Целую руку детскую твою за ту любовь, которую отныне ни от кого уж больше не таю“.
— Что это? — закричала Лиза. — Как хорошо!
— Не слыхала? Бунин.
— Бунин писал рассказы.
— И стихи. Это — перед самым бегством из Одессы, девятнадцатый год.
— Бегство?
— Эмиграция. Ты представь: замерзающий декабрь, наступающий террор, и — „ты странствуешь, ты любишь, ты счастлива…“. Из цикла „Молодость“.
— Сколько ж ему было тогда?
— Неважно. Сорок девять.
— А в настоящей молодости он жил у нас на Черкасской. И табличка есть.
— Верно. Бунин из ваших мест.
— „Скажи поклоны князю“ — как странно, да?
— Галлицизм. По-стародворянски.
— Иван Александрович, вы все знаете.
— Кое-что.
— Все. Откуда вы?
— Оттуда же, из тех же великорусских мест.
— Правда? Значит, мы земляки?
— Значит, так.
— Но ваше детство прошло ведь у моря?
— Аж у океана. В Шанхае.
— Но это Китай?
— Он самый.
— И что вы там делали?
— Да ничего особенного.
— Вы ели трепанги?
— Господи, чего мы там не ели… когда было что поесть, разумеется.
— Вы голодали?
— Детка, да мы просто процветали по сравнению с тем, что здесь творилось.
— Вы имеете в виду…
— Мировую революцию со всеми вытекающими из нее подробностями. Когда и там началось, мои надумали бежать в Аргентину.
— А вы сами?
— Я-то молодой был, дурак. Только Россия. Благословение деда. Матушка Русь.
— Вы жалеете?
— Ни о чем и никогда, — ответил он отрывисто и резко. — По заслугам и честь.
— Как это?
— Да так, вообще.
— И дедушка вернулся?
— Вовремя умер, еще за кордоном. А то матушка-Русь показала б ему кузькину мать.
— За что?
— Махровый монархист. Колчаковец. За убиенных Романовых до конца свечки ставил и поклоны клал. Впрочем, и за славу русского оружия во второй мировой. Все совмещается.

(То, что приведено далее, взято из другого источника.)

(* Let $\phi=\tilde p/p$ be an irreducible rational inner function on $\mathbb{D}^3$ of degree $(m,n,1)$ with $p(z)=p_1(z_1,z_2)+z_3p_2(z_1,z_2)$, $\tilde p(z)=z_3\tilde p_1(z_1,z_2)+\tilde p_2(z_1,z_2)$, and suppose $\mathcal{Z}_p\cap\mathbb{T}^3$ is finite. Then for each $(\tau_1,\tau_2,\zeta_3)\in\mathcal{Z}_p\cap\mathbb{T}^3$, \[\phi^*(\tau_1,\tau_2,\tau_3)=\frac{\tilde p_2(\tau_1,\tau_2)}{p_1(\tau_1,\tau_2)}\in\mathbb{T}\quad\text{for all }\tau_3\in\mathbb{T},\] where $\phi^*$ denotes the nontangential limit of $\phi$.
   Context: A rational inner function (RIF) on $\mathbb{D}^3$ is a rational function holomorphic on the tridisk with unimodular radial limits a.e. on $\mathbb{T}^3$; it is written $\phi=\tilde p/p$ with $p$ zero-free on $\mathbb{D}^3$, $p,\tilde p$ without common factors. For degree $(m,n,1)$, $\tilde p(z)=z_1^mz_2^nz_3\overline{p(1/\bar z_1,1/\bar z_2,1/\bar z_3)}$ and $\tilde p_j(z_1,z_2)=z_1^mz_2^n\overline{p_j(1/\bar z_1,1/\bar z_2)}$. The nontangential limit $\phi^*(\tau)$ at $\tau\in\mathbb{T}^3$ is the limit as $z\to\tau$ in $\mathbb{D}^3$ with $\|z-\tau\|\le C(1-\|z\|)$; it exists and is unimodular at every $\tau\in\mathbb{T}^3$ for every RIF. $\mathcal{Z}_p$ is the zero set of $p$. *)

theory Defs
  imports "HOL-Analysis.Analysis"
begin

text \<open>Polynomials in three complex variables are represented by their coefficient
  functions (finitely supported); polynomials in two variables likewise.
  Points of C^3 are triples.\<close>

type_synonym cpoly2 = "nat \<Rightarrow> nat \<Rightarrow> complex"
type_synonym cpoly3 = "nat \<Rightarrow> nat \<Rightarrow> nat \<Rightarrow> complex"
type_synonym cpt3 = "complex \<times> complex \<times> complex"

definition supp3 :: "cpoly3 \<Rightarrow> (nat \<times> nat \<times> nat) set" where
  "supp3 c = {(i,j,k). c i j k \<noteq> 0}"

definition is_poly3 :: "cpoly3 \<Rightarrow> bool" where
  "is_poly3 c \<longleftrightarrow> finite (supp3 c)"

definition supp2 :: "cpoly2 \<Rightarrow> (nat \<times> nat) set" where
  "supp2 c = {(i,j). c i j \<noteq> 0}"

definition is_poly2 :: "cpoly2 \<Rightarrow> bool" where
  "is_poly2 c \<longleftrightarrow> finite (supp2 c)"

definition eval3 :: "cpoly3 \<Rightarrow> cpt3 \<Rightarrow> complex" where
  "eval3 c z = (case z of (z1,z2,z3) \<Rightarrow>
     (\<Sum>(i,j,k)\<in>supp3 c. c i j k * z1 ^ i * z2 ^ j * z3 ^ k))"

definition eval2 :: "cpoly2 \<Rightarrow> complex \<Rightarrow> complex \<Rightarrow> complex" where
  "eval2 c z1 z2 = (\<Sum>(i,j)\<in>supp2 c. c i j * z1 ^ i * z2 ^ j)"

definition deg3 :: "cpoly3 \<Rightarrow> nat \<times> nat \<times> nat" where
  "deg3 c = (Max ({0} \<union> (\<lambda>(i,j,k). i) ` supp3 c),
             Max ({0} \<union> (\<lambda>(i,j,k). j) ` supp3 c),
             Max ({0} \<union> (\<lambda>(i,j,k). k) ` supp3 c))"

Совмещаются несовместные русские миры, белогвардеец благословляет близких на возвращение и молит Бога о спасении России… Лизе впервые пришло в голову, что на все можно посмотреть и с другой стороны, не менее реальной: вот внук колчаковца, а на детской Черкасской жил Бунин, написавший „целую руку детскую твою“.
— И вы вернулись?
— Как видишь.
— Когда?
— В пятьдесят пятом.
— И как вам тут?
— По-разному. Привык. Втянулся.
— А родителям?
— Они умерли.
— Жалко.
— Тебе жалко моих родителей?
— Да. Нет, не знаю. Вообще все жалко.
— Не стоит. Это чувство опасное и может далеко тебя завести.
Далеко завести, на шанхайскую улочку, в глинобитный домик (хижину — эмигрантский вариант помещичьего гнезда). Дед-полковник — член непримиримых комитетов. Отец — журналист, редактор „Освобождения“, которое то прогорало, то вновь полыхало в отчаянии и надежде. Может быть, за все ответит внук?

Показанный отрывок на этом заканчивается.